Jungingen, seeing the disaster unfolding, should probably have sounded the retreat. Nothing of the kind entered his mind, however. His hot blood raging, he gathered together all the knights he could into a wedge formation and charged directly for a slight height where he supposed the king would be found; certainly, he could see the royal banner flying there and a large number of heavily-armed knights. Jungingen did not lack the courage to stake everything on this one charge – he knew that the warhorses would be too exhausted to bear his men from the field if the attack failed. Perhaps he hoped that his charge, coming at a somewhat unexpected angle, would find the Polish forces insufficiently disciplined to change their formation quickly enough to meet him. He was wrong. Vytautas, seen at the centre of Matjeko’s painting, had seemingly been everywhere at once on his wing of the battlefield, performing fantastic and courageous feats; he now hurried over to the royal position with his men, perhaps to urge the king to reinforce the main battle lines with his reserves. In any case, Jungingen’s advance fell just short of the royal bodyguard. In vain, he yelled ‘Retreat!’ Surrounded and exhausted, Jungingen perished with a multitude of his best men. The rest of the cavalry, seeing him fall, fled in disorder. Panic quickly spread through the German ranks. The light cavalry from Culm seem to have led the flight. The Polish knights, once they had destroyed the main battle force, turned on the disordered surviving units as they tried to escape down the narrow roads and chewed them up one after another. The rearmost German knights were hindered in their terrified flight by the tangled units ahead of them. Unable to get past the masses of men, horses, and wagons, unable to fight effectively against an enemy coming up from behind, all they could do was to try to surrender or die fighting against hopeless odds. The crusaders on the victorious left wing came back booty-laden only to fall into the hands of those who held the battlefield. This was Długosz’s account of the battle; it quickly became the accepted story. Even the Germans agreed with Długosz, perhaps because he credited the Teutonic Knights with at least a partial victory, a rout of the pagan wing of the great army.

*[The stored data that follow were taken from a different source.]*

theorem mainTheorem3:
  fixes M :: nat and m :: "nat \<Rightarrow> nat" and C :: "nat \<Rightarrow> nat \<Rightarrow> nat \<Rightarrow> real"
    and a b :: "nat \<Rightarrow> real" and eps :: real and f :: "nat \<Rightarrow> nat \<Rightarrow> real"
  assumes M2: "M \<ge> 2"
    and m_pos: "\<forall>i\<in>{1..Suc M}. m i > 0"
    and C_nonneg: "\<forall>i\<in>{1..M}. \<forall>j<m i. \<forall>k<m (Suc i). C i j k \<ge> 0"
    and a_prob: "(\<forall>j<m 1. a j \<ge> 0) \<and> (\<Sum>j<m 1. a j) = 1"
    and b_prob: "(\<forall>k<m (Suc M). b k \<ge> 0) \<and> (\<Sum>k<m (Suc M). b k) = 1"
    and eps_pos: "eps > 0"
    and f_opt: "seq_ot_dual_optimal M m C eps a b f"
  shows "seq_ot_optimal M m C eps a b (dual_to_primal M C eps f)"
proof -
  have M1: "M \<ge> 1" using M2 by simp
  define P where "P = dual_to_primal M C eps f"
  have residual_P: "\<forall>i\<in>{1..Suc M}. \<forall>j<m i. marginal_residual M m a b P i j = 0"
    unfolding P_def by (rule seq_ot_dual_optimal_imp_residual_zero[OF M1 eps_pos f_opt])
  have "\<forall>i\<in>{1..M}. \<forall>j<m i. \<forall>k<m (Suc i). P i j k \<ge> 0"
    by (simp add: P_def dual_to_primal_eq_exp)
  with residual_P have feasible_P: "seq_ot_feasible M m a b P"
    by (simp add: seq_ot_feasible_iff_residual[OF M1])
  have "seq_ot_objective M m C eps P = seq_ot_lagrangian M m C eps a b P f"
    using residual_P by (simp add: seq_ot_lagrangian_def)
  also have "\<dots> = seq_ot_dual M m C eps a b f"
    unfolding P_def by (rule seq_ot_lagrangian_dual_to_primal[OF M1 eps_pos])
  finally have "seq_ot_objective M m C eps P \<le> seq_ot_objective M m C eps Q"
    if "seq_ot_feasible M m a b Q" for Q
    using seq_ot_weak_duality[OF M1 eps_pos that] by simp
  with feasible_P show ?thesis
    unfolding seq_ot_optimal_def P_def by blast
qed

end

Polish historians emphasise royal generalship. They describe Jagiełło’s determination to participate in the combat personally, how the royal banner was brought to earth at one point, and how the king was saved from injury only by the last-moment intervention of Zbigniew Oleśnicki, the royal secretary, when a knight from Meissen, Luppold von Köckritz, charged directly for him. Mythology did not hesitate to turn this incident into a personal combat between Jagiełło and Jungingen. In short, according to Polish patriotic scholarship, Polish intelligence, courage, gallantry, and self-sacrifice had won the day.

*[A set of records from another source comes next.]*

lemma orthogonal_projection_exists:
  fixes S :: "'a::euclidean_space set"
  assumes "subspace S"
  obtains P where "linear P" "\<And>x. P x \<in> S" "\<And>x. x \<in> S \<Longrightarrow> P x = x"
    "\<And>x y. P x \<bullet> y = x \<bullet> P y"
proof -
  obtain B where "B \<subseteq> S" and orth: "pairwise orthogonal B" and unit: "\<And>x. x \<in> B \<Longrightarrow> norm x = 1"
    and "independent B" and span_B: "span B = S"
    using orthonormal_basis_subspace[OF assms] by metis
  then have "finite B" using independent_imp_finite by blast
  define P where "P x = (\<Sum>b\<in>B. (x \<bullet> b) *\<^sub>R b)" for x
  show ?thesis
  proof
    show "linear P"
      unfolding P_def
      by (intro linearI) (simp_all add: inner_add_left scaleR_add_left sum.distrib scaleR_sum_right)
    show "P x \<in> S" for x
      unfolding P_def span_B[symmetric] by (intro span_sum span_mul span_base)
    show "P x = x" if "x \<in> S" for x
      unfolding P_def using orthonormal_basis_expand[OF orth unit _ \<open>finite B\<close>] that span_B by blast
    show "P x \<bullet> y = x \<bullet> P y" for x y
      unfolding P_def by (simp add: inner_sum_left inner_sum_right inner_commute mult.commute)
  qed
qed

lemma not_solvable_imp_transpose_kernel:
  fixes A :: "real^'n^'m"
  assumes "\<nexists>x. A *v x = b"
  obtains z where "transpose A *v z = 0" and "b \<bullet> z = 1"
proof -
  let ?R = "range ((*v) A)"
  have "subspace ?R"
    by (simp only: linear_subspace_image matrix_vector_mul_linear subspace_UNIV)
  obtain P where "linear P"
    and P: "\<And>w. P w \<in> ?R" "\<And>w. w \<in> ?R \<Longrightarrow> P w = w" "\<And>v w. P v \<bullet> w = v \<bullet> P w"
    using orthogonal_projection_exists[OF \<open>subspace ?R\<close>] by blast
  define z where "z = b - P b"
  have z_orth: "z \<bullet> (A *v v) = 0" for v
    using P(2,3) by (simp add: z_def inner_diff_left)
  have "P b \<bullet> z = 0"
    using P(1)[of b] z_orth by (auto simp: inner_commute)
  then have "b \<bullet> z = z \<bullet> z"
    by (simp add: z_def inner_diff_left inner_commute)
  moreover have "z \<noteq> 0"
    using P(1)[of b] assms by (auto simp: z_def)
  ultimately have "b \<bullet> z \<noteq> 0" by simp
  show thesis
  proof (rule that)
    show "transpose A *v ((1 / (b \<bullet> z)) *\<^sub>R z) = 0"
      using orthogonal_range_imp_transpose_kernel[OF z_orth] by (simp add: matrix_vector_mult_scaleR)
    show "b \<bullet> ((1 / (b \<bullet> z)) *\<^sub>R z) = 1"
      using \<open>b \<bullet> z \<noteq> 0\<close> by simp
  qed
qed

definition penrose_conditions :: "real^'n^'m \<Rightarrow> real^'m^'n \<Rightarrow> bool" where
  "penrose_conditions A X \<longleftrightarrow> A ** X ** A = A \<and> X ** A ** X = X \<and>
     transpose (A ** X) = A ** X \<and> transpose (X ** A) = X ** A"

lemma penrose_conditions_unique:
  assumes "penrose_conditions A X" and "penrose_conditions A Y"
  shows "X = Y"
proof -
  have X1: "A ** X ** A = A" and X2: "X ** A ** X = X"
    and X3: "transpose (A ** X) = A ** X" and X4: "transpose (X ** A) = X ** A"
    and Y1: "A ** Y ** A = A" and Y2: "Y ** A ** Y = Y"
    and Y3: "transpose (A ** Y) = A ** Y" and Y4: "transpose (Y ** A) = Y ** A"
    using assms unfolding penrose_conditions_def by (blast+)
  have "X = X ** transpose (A ** X)" using X2 X3 by (simp add: matrix_mul_assoc)
  also have "\<dots> = X ** transpose X ** transpose (A ** Y ** A)"
    using Y1 by (simp add: matrix_transpose_mul matrix_mul_assoc)
  also have "\<dots> = X ** transpose (A ** X) ** transpose (A ** Y)"
    by (simp add: matrix_transpose_mul matrix_mul_assoc)
  also have "\<dots> = X ** A ** Y" using X2 X3 Y3 by (simp add: matrix_mul_assoc)
  finally have XAY: "X = X ** A ** Y" .
  have "Y = transpose (Y ** A) ** Y" using Y2 Y4 by simp
  also have "\<dots> = transpose (A ** X ** A) ** transpose Y ** Y"
    using X1 by (simp add: matrix_transpose_mul matrix_mul_assoc)
  also have "\<dots> = transpose (X ** A) ** transpose (Y ** A) ** Y"
    by (simp add: matrix_transpose_mul matrix_mul_assoc)
  also have "\<dots> = X ** A ** (Y ** A ** Y)" using X4 Y4 by (simp add: matrix_mul_assoc)
  also have "\<dots> = X ** A ** Y" using Y2 by simp
  finally show ?thesis using XAY by simp
qed

lemma penrose_conditions_exist:
  fixes A :: "real^'n^'m"
  shows "\<exists>X. penrose_conditions A X"
proof -
  let ?R = "range ((*v) A)" and ?S = "range ((*v) (transpose A))"
  have "subspace ?R" "subspace ?S"
    by (simp_all only: linear_subspace_image matrix_vector_mul_linear subspace_UNIV)
  obtain P where
    P: "linear P" "\<And>w. P w \<in> ?R" "\<And>w. w \<in> ?R \<Longrightarrow> P w = w" "\<And>v w. P v \<bullet> w = v \<bullet> P w"
    using orthogonal_projection_exists[OF \<open>subspace ?R\<close>] by blast
  obtain Q where
    Q: "linear Q" "\<And>v. Q v \<in> ?S" "\<And>v. v \<in> ?S \<Longrightarrow> Q v = v" "\<And>v w. Q v \<bullet> w = v \<bullet> Q w"
    using orthogonal_projection_exists[OF \<open>subspace ?S\<close>] by blast
  have AQ: "A *v Q v = A *v v" for v
  proof -
    have "(v - Q v) \<bullet> (transpose A *v w) = 0" for w
      using Q(3,4) by (simp add: inner_diff_left)
    then have "transpose (transpose A) *v (v - Q v) = 0"
      by (rule orthogonal_range_imp_transpose_kernel)
    then show ?thesis by (simp add: matrix_vector_mult_diff_distrib)
  qed
  have "span ?S = ?S"
    using \<open>subspace ?S\<close> by (rule span_eq_iff[THEN iffD2])
  have "s = 0" if "s \<in> ?S" and As: "A *v s = 0" for s
  proof -
    obtain w where "s = transpose A *v w" using \<open>s \<in> ?S\<close> by blast
    then have "s \<bullet> s = w \<bullet> (A *v s)"
      using inner_matrix_vector_transpose[of "transpose A" w s] by simp
    then show ?thesis using As by simp
  qed
  then have "inj_on ((*v) A) (span ?S)"
    unfolding \<open>span ?S = ?S\<close>
    by (subst linear_inj_on_iff_eq_0[OF matrix_vector_mul_linear \<open>subspace ?S\<close>]) blast
  from linear_inj_on_left_inverse[OF matrix_vector_mul_linear this]
  obtain g where g: "linear g" "\<forall>s\<in>?S. g (A *v s) = s"
    unfolding \<open>span ?S = ?S\<close> by blast
  have gA: "g (A *v v) = Q v" for v
    by (metis AQ Q(2) g(2))
  have AgP: "A *v g (P w) = P w" for w
  proof -
    obtain v where "P w = A *v v" using P(2) by blast
    then show ?thesis by (simp add: gA AQ)
  qed
  have PA: "P (A *v v) = A *v v" for v
    by (rule P(3)) blast
  \<comment> \<open>P, Q project orthogonally onto the column and row spaces of A; g inverts A on the row space.\<close>
  define X where "X = matrix (g \<circ> P)"
  have X: "X *v w = g (P w)" for w
    unfolding X_def using linear_compose[OF P(1) g(1)] matrix_vector_mul(2) by (metis comp_apply)
  have AX: "(A ** X) *v w = P w" and XA: "(X ** A) *v v = Q v" for v w
    by (simp_all add: matrix_vector_mul_assoc[symmetric] X AgP PA gA)
  have "A ** X ** A = A"
    by (simp add: matrix_eq matrix_vector_mul_assoc[symmetric] X PA gA AQ)
  moreover have "X ** A ** X = X"
    by (simp add: matrix_eq matrix_vector_mul_assoc[symmetric] X AgP P(2,3))
  moreover have "transpose (A ** X) = A ** X" "transpose (X ** A) = X ** A"
    by (simp_all add: symmetric_matrixI AX XA P(4) Q(4))
  ultimately show ?thesis
    unfolding penrose_conditions_def by blast
qed

lemma moore_penrose_conditions: "penrose_conditions A (moore_penrose A)"
proof -
  have "\<exists>!X. penrose_conditions A X"
    using penrose_conditions_exist penrose_conditions_unique by blast
  then show ?thesis
    unfolding moore_penrose_def penrose_conditions_def[symmetric] by (rule theI')
qed

lemma moore_penrose_solves:
  fixes A :: "real^'n^'m"
  assumes "\<exists>x. A *v x = b"
  shows "A *v (moore_penrose A *v b) = b"
  using assms moore_penrose_conditions[of A]
  by (metis penrose_conditions_def matrix_vector_mul_assoc)

lemma orthonormal_family_inner_expansion:
  fixes u :: "'i \<Rightarrow> 'a::euclidean_space"
  assumes card: "card I = DIM('a)"
    and orthonormal: "\<forall>i\<in>I. \<forall>j\<in>I. u i \<bullet> u j = (if i = j then 1 else 0)"
  shows "a \<bullet> v = (\<Sum>i\<in>I. (a \<bullet> u i) * (v \<bullet> u i))"
proof -
  have "finite I"
    using card by (metis DIM_positive card.infinite less_irrefl)
  have inj: "inj_on u I"
    using orthonormal by (intro inj_onI) (metis zero_neq_one)
  have orth: "pairwise orthogonal (u ` I)"
    using orthonormal by (auto simp: pairwise_def orthogonal_def)
  have unit: "norm b = 1" if "b \<in> u ` I" for b
    using that orthonormal by (auto simp: norm_eq_sqrt_inner)
  then have "independent (u ` I)"
    using pairwise_orthogonal_independent[OF orth] by fastforce
  moreover have "card (u ` I) = DIM('a)"
    using card card_image[OF inj] by simp
  ultimately have "v \<in> span (u ` I)"
    using card_ge_dim_independent[of "u ` I" UNIV] by auto
  then have "v = (\<Sum>b\<in>u ` I. (v \<bullet> b) *\<^sub>R b)"
    using orthonormal_basis_expand[OF orth unit] \<open>finite I\<close> by simp
  also have "\<dots> = (\<Sum>i\<in>I. (v \<bullet> u i) *\<^sub>R u i)"
    using sum.reindex[OF inj] by simp
  finally show ?thesis
    by (metis (no_types, lifting) inner_scaleR_right inner_sum_right mult.commute sum.cong)
qed

lemma symmetric_eigenvector_inner:
  fixes A :: "real^'n^'n"
  assumes "transpose A = A" and "A *v u = lam *\<^sub>R u"
  shows "u \<bullet> (A *v w) = lam * (u \<bullet> w)"
  using inner_matrix_vector_transpose[of A u w] assms by simp

lemma spectral_sum_of_solution:
  fixes A :: "real^'n^'n" and u :: "'i \<Rightarrow> real^'n"
  assumes sym: "transpose A = A" and card: "card I = CARD('n)"
    and orthonormal: "\<forall>i\<in>I. \<forall>j\<in>I. u i \<bullet> u j = (if i = j then 1 else 0)"
    and eigen: "\<forall>i\<in>I. A *v u i = lam i *\<^sub>R u i"
    and solution: "A *v x = b"
  shows "(\<Sum>i\<in>I. ediv ((u i \<bullet> b)\<^sup>2) (lam i)) = ereal (b \<bullet> x)"
proof -
  have "ediv ((u i \<bullet> b)\<^sup>2) (lam i) = ereal ((b \<bullet> u i) * (x \<bullet> u i))" if "i \<in> I" for i
  proof -
    have "u i \<bullet> b = lam i * (u i \<bullet> x)"
      using symmetric_eigenvector_inner[OF sym] eigen that solution by blast
    then show ?thesis
      by (simp add: ediv_def power2_eq_square inner_commute zero_ereal_def)
  qed
  then have "(\<Sum>i\<in>I. ediv ((u i \<bullet> b)\<^sup>2) (lam i)) = (\<Sum>i\<in>I. ereal ((b \<bullet> u i) * (x \<bullet> u i)))"
    by (rule sum.cong[OF refl])
  also have "\<dots> = ereal (b \<bullet> x)"
    using orthonormal_family_inner_expansion[of I u b x] card orthonormal by simp
  finally show ?thesis .
qed

lemma spectral_sum_of_kernel_vector:
  fixes A :: "real^'n^'n" and u :: "'i \<Rightarrow> real^'n"
  assumes sym: "transpose A = A" and card: "card I = CARD('n)"
    and orthonormal: "\<forall>i\<in>I. \<forall>j\<in>I. u i \<bullet> u j = (if i = j then 1 else 0)"
    and eigen: "\<forall>i\<in>I. A *v u i = lam i *\<^sub>R u i"
    and kernel: "A *v z = 0" and "b \<bullet> z \<noteq> 0"
  shows "(\<Sum>i\<in>I. ediv ((u i \<bullet> b)\<^sup>2) (lam i)) = PInfty"
proof -
  have "(\<Sum>i\<in>I. (b \<bullet> u i) * (z \<bullet> u i)) \<noteq> 0"
    using orthonormal_family_inner_expansion[of I u b z] card orthonormal \<open>b \<bullet> z \<noteq> 0\<close> by simp
  then obtain i where i: "i \<in> I" "(b \<bullet> u i) * (z \<bullet> u i) \<noteq> 0"
    by (meson sum.neutral)
  have "lam i * (u i \<bullet> z) = 0"
    using symmetric_eigenvector_inner[OF sym, of "u i" "lam i" z] eigen i(1) kernel by simp
  then have "ediv ((u i \<bullet> b)\<^sup>2) (lam i) = PInfty"
    using i(2) by (simp add: ediv_def inner_commute)
  moreover have "finite I"
    using card by (metis card.infinite zero_less_card_finite less_irrefl)
  ultimately show ?thesis
    using i(1) by (auto simp: sum_Pinfty)
qed

lemma walk_rev:
  assumes "simple_graph E" and "walk E xs"
  shows "walk E (rev xs)"
  unfolding walk_def
proof (intro conjI allI impI)
  show "rev xs \<noteq> []" using \<open>walk E xs\<close> by (simp add: walk_def)
  fix i assume i: "Suc i < length (rev xs)"
  define j where "j = length xs - Suc (Suc i)"
  have "E (xs ! j) (xs ! Suc j)"
    using \<open>walk E xs\<close> i by (simp add: walk_def j_def)
  moreover have "rev xs ! i = xs ! Suc j" "rev xs ! Suc i = xs ! j"
    using i by (simp_all add: rev_nth j_def Suc_diff_Suc)
  ultimately show "E (rev xs ! i) (rev xs ! Suc i)"
    using \<open>simple_graph E\<close> by (simp add: simple_graph_def)
qed

lemma gdist_sym:
  assumes "simple_graph E"
  shows "gdist E u v = gdist E v u"
proof -
  have "\<exists>xs. walk E xs \<and> hd xs = v \<and> last xs = u \<and> length xs = k"
    if "walk E xs" "hd xs = u" "last xs = v" "length xs = k" for u v k xs
  proof (intro exI conjI)
    have "xs \<noteq> []" using \<open>walk E xs\<close> by (simp add: walk_def)
    then show "hd (rev xs) = v" "last (rev xs) = u"
      using that by (simp_all add: hd_rev last_rev)
  qed (use that walk_rev[OF assms] in auto)
  then have "(\<exists>xs. walk E xs \<and> hd xs = u \<and> last xs = v \<and> length xs = k) \<longleftrightarrow>
      (\<exists>xs. walk E xs \<and> hd xs = v \<and> last xs = u \<and> length xs = k)" for k
    by blast
  then show ?thesis
    unfolding gdist_def by simp
qed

Lithuanian historians disagree sharply with this interpretation of events. They insist that Vytautas’ men had made a tactical retreat, one common to warfare on the steppe, a ruse that tricked the crusaders from Germany into breaking ranks and dashing into an ambush. They regard the presence of Vytautas and the units from Smolensk fighting in the ranks of the victors during the decisive period of combat as proof that the main Lithuanian forces did not run away, but only lured the Germans into disordering their forces so badly that the way was open for the Polish attack. Credit for the victory should go to the grand prince, who inspired the tactics, who exhausted horse after horse in his relentless direction of the cavalry units, first on the right wing, then at the height of the fighting in the centre, when he brought the reinforcements that repelled Jungingen’s charge; not to his rival, Jagiełło, who was practically useless during the entire combat, unable to give commands or to inspire by personal example.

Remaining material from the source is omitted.